First we simplify it

$$f(z) = \frac{e^z\sin(z)}{z(1-\cos(z))}=\frac{e^z\cdot2\sin(\frac z2)\cos(\frac z2)}{z\cdot2\sin^2(\frac z2)}=\frac{e^z\cdot\cos(\frac z2)}{z\cdot\sin(\frac z2)}$$

We can see, $z=0$ is a second order pole from above result.

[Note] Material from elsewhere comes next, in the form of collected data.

(* Let $(X,\mathcal{M},\mu)$ be a non-atomic measure space and $\Phi$ an $N^*$-function. Then every continuous linear functional on $(L_\Phi(X),d_\Phi)$ is identically zero, i.e. $L_\Phi(X)^*=\{0\}$.
   Context: An $N^*$-function is a function $\Phi:\mathbb{R}\to\mathbb{R}$ of the form $\Phi(x)=\int_0^{|x|}p(t)\,dt<+\infty$ for all $x$, where $p:[0,\infty)\to[0,\infty]$ is right-continuous, positive on $(0,\infty)$, non-increasing, and satisfies $\lim_{t\to0^+}p(t)=+\infty$ and $\lim_{t\to+\infty}p(t)=0$. $L_\Phi(X)$ is the space of (classes modulo a.e. equality of) measurable $f$ with $\int_X\Phi(f)\,d\mu<\infty$, with metric $d_\Phi(f,g)=\int_X\Phi(f-g)\,d\mu$. The measure space is non-atomic if every $A\in\mathcal{M}$ with $\mu(A)>0$ contains a measurable $B$ with $0<\mu(B)<\mu(A)$. *)

theory Defs
  imports "HOL-Analysis.Analysis"
begin

definition N_star_function :: "(real \<Rightarrow> real) \<Rightarrow> bool" where
  "N_star_function \<Phi> \<longleftrightarrow>
     (\<exists>p :: real \<Rightarrow> ennreal.
        (\<forall>t\<ge>0. (p \<longlongrightarrow> p t) (at_right t)) \<and>
        (\<forall>t>0. p t > 0) \<and>
        (\<forall>s t. 0 \<le> s \<longrightarrow> s \<le> t \<longrightarrow> p t \<le> p s) \<and>
        (p \<longlongrightarrow> \<infinity>) (at_right 0) \<and>
        (p \<longlongrightarrow> 0) at_top \<and>
        (\<forall>x. (\<integral>\<^sup>+ t\<in>{0..\<bar>x\<bar>}. p t \<partial>lborel) < \<infinity> \<and>
             \<Phi> x = enn2real (\<integral>\<^sup>+ t\<in>{0..\<bar>x\<bar>}. p t \<partial>lborel)))"

definition non_atomic :: "'a measure \<Rightarrow> bool" where
  "non_atomic M \<longleftrightarrow>
     (\<forall>A\<in>sets M. emeasure M A > 0 \<longrightarrow>
        (\<exists>B\<in>sets M. B \<subseteq> A \<and> 0 < emeasure M B \<and> emeasure M B < emeasure M A))"

text \<open>Representatives of elements of L_Phi(X) (classes modulo a.e. equality are not
  formed explicitly; continuity w.r.t. d_Phi forces any functional to respect them).\<close>
definition L_Phi :: "'a measure \<Rightarrow> (real \<Rightarrow> real) \<Rightarrow> ('a \<Rightarrow> real) set" where
  "L_Phi M \<Phi> = {f \<in> borel_measurable M. (\<integral>\<^sup>+ x. ennreal (\<Phi> (f x)) \<partial>M) < \<infinity>}"

definition d_Phi :: "'a measure \<Rightarrow> (real \<Rightarrow> real) \<Rightarrow> ('a \<Rightarrow> real) \<Rightarrow> ('a \<Rightarrow> real) \<Rightarrow> ennreal" where
  "d_Phi M \<Phi> f g = (\<integral>\<^sup>+ x. ennreal (\<Phi> (f x - g x)) \<partial>M)"

definition continuous_linear_functional_L_Phi ::
    "'a measure \<Rightarrow> (real \<Rightarrow> real) \<Rightarrow> (('a \<Rightarrow> real) \<Rightarrow> real) \<Rightarrow> bool" where
  "continuous_linear_functional_L_Phi M \<Phi> T \<longleftrightarrow>
     (\<forall>f\<in>L_Phi M \<Phi>. \<forall>g\<in>L_Phi M \<Phi>. T (\<lambda>x. f x + g x) = T f + T g) \<and>
     (\<forall>f\<in>L_Phi M \<Phi>. \<forall>c::real. T (\<lambda>x. c * f x) = c * T f) \<and>
     (\<forall>f\<in>L_Phi M \<Phi>. \<forall>\<epsilon>>0. \<exists>\<delta>>0. \<forall>g\<in>L_Phi M \<Phi>.
        d_Phi M \<Phi> f g < ennreal \<delta> \<longrightarrow> \<bar>T g - T f\<bar> < \<epsilon>)"

end

theory Submission
  imports Defs
begin

text \<open>By continuity at \<open>0\<close>, \<open>\<bar>T g\<bar> \<le> 1\<close> whenever the modular \<open>\<integral>\<Phi>(g)\<close> is below some
  \<open>\<delta> > 0\<close>. Non-atomicity (via Sierpinski's intermediate value theorem for measures) lets one cut
  off pieces of modular exactly \<open>\<delta>/2\<close>, so additivity gives \<open>\<bar>T h\<bar> \<le> 2\<integral>\<Phi>(h)/\<delta> + 2\<close> for
  every \<open>h\<close>. Applied to \<open>n f\<close> this yields \<open>\<bar>T f\<bar> \<le> (2/\<delta>) \<integral>\<Phi>(n f)/n + 2/n\<close>, and
  \<open>\<integral>\<Phi>(n f)/n \<rightarrow> 0\<close> by dominated convergence: \<open>\<Phi>(n y)/n\<close> is the integral of \<open>p(n t)\<close> over
  \<open>[0, \<bar>y\<bar>]\<close>, which tends to \<open>0\<close> because \<open>p\<close> vanishes at infinity and is bounded by \<open>\<Phi>(y)\<close>
  because \<open>p\<close> is non-increasing.\<close>

lemma borel_measurable_antimono:
  fixes g :: "real \<Rightarrow> 'b::{linorder_topology, second_countable_topology}"
  assumes "antimono g"
  shows "g \<in> borel_measurable borel"
proof (rule borel_measurableI_greater)
  fix y
  have "y < g x" if "y < g b" "x \<le> b" for x b
    using that(1) antimonoD[OF assms that(2)] by (rule less_le_trans)
  then have "is_interval {x. y < g x}"
    unfolding is_interval_1 by blast
  then show "{x \<in> space borel. y < g x} \<in> sets borel"
    using real_interval_borel_measurable by simp
qed

text \<open>Extending \<open>p\<close> by \<open>p 0\<close> to the negative axis makes it antimonotone on all of \<open>\<real>\<close>.
  Only monotonicity, \<open>p \<rightarrow> 0\<close> at infinity and finiteness of \<open>\<Phi>\<close> are used below.\<close>

lemma N_star_functionE:
  assumes "N_star_function \<Phi>"
  obtains q :: "real \<Rightarrow> ennreal"
  where "q \<in> borel_measurable borel" "antimono q" "(q \<longlongrightarrow> 0) at_top"
    "\<And>a. (\<integral>\<^sup>+ t\<in>{0..a}. q t \<partial>lborel) < \<infinity>"
    "\<And>x. \<Phi> x = enn2real (\<integral>\<^sup>+ t\<in>{0..\<bar>x\<bar>}. q t \<partial>lborel)"
proof -
  obtain p :: "real \<Rightarrow> ennreal"
    where anti: "\<forall>s t. 0 \<le> s \<longrightarrow> s \<le> t \<longrightarrow> p t \<le> p s"
      and lim: "(p \<longlongrightarrow> 0) at_top"
      and fin: "\<forall>x. (\<integral>\<^sup>+ t\<in>{0..\<bar>x\<bar>}. p t \<partial>lborel) < \<infinity> \<and>
                   \<Phi> x = enn2real (\<integral>\<^sup>+ t\<in>{0..\<bar>x\<bar>}. p t \<partial>lborel)"
    using assms unfolding N_star_function_def by blast
  define q where "q t = p (max 0 t)" for t
  have q_eq: "(\<integral>\<^sup>+ t\<in>{0..a}. q t \<partial>lborel) = (\<integral>\<^sup>+ t\<in>{0..a}. p t \<partial>lborel)" for a
    by (rule nn_integral_cong) (auto simp: q_def indicator_def)
  have anti_q: "antimono q"
    unfolding q_def by (rule antimonoI) (use anti in auto)
  show ?thesis
  proof
    show "q \<in> borel_measurable borel"
      using anti_q by (rule borel_measurable_antimono)
    show "antimono q"
      by (fact anti_q)
    show "(q \<longlongrightarrow> 0) at_top"
      using lim by (rule tendsto_cong[THEN iffD1, rotated])
        (use eventually_ge_at_top[of 0] in \<open>eventually_elim, simp add: q_def\<close>)
    show "(\<integral>\<^sup>+ t\<in>{0..a}. q t \<partial>lborel) < \<infinity>" for a
    proof (cases "0 \<le> a")
      case True
      then show ?thesis
        using fin q_eq[of a] by (metis abs_of_nonneg)
    qed (simp add: q_eq)
    show "\<Phi> x = enn2real (\<integral>\<^sup>+ t\<in>{0..\<bar>x\<bar>}. q t \<partial>lborel)" for x
      using fin by (simp add: q_eq)
  qed
qed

Then by residue formula

$$\lim_{z\to0}\frac{d}{dz}z^2f(z)=2$$

Or, if you want to do the Laurent series and find the coefficient of $z^{-1}$ term, you can do the following,

$$\frac{e^z\cdot\cos(\frac z2)}{z\cdot\sin(\frac z2)}\sim\frac{1}{z\cdot \frac z2}\cdot \left(1+z+O(z^2)\right)\cdot\left(1+O(z^2)\right)$$

Since we only need the $z^{-1}$ term, hence

$$\frac{1}{z\cdot \frac z2}\cdot z=2\cdot\frac1z$$

the coefficient is $2$, which agrees with above result by applying residue formula.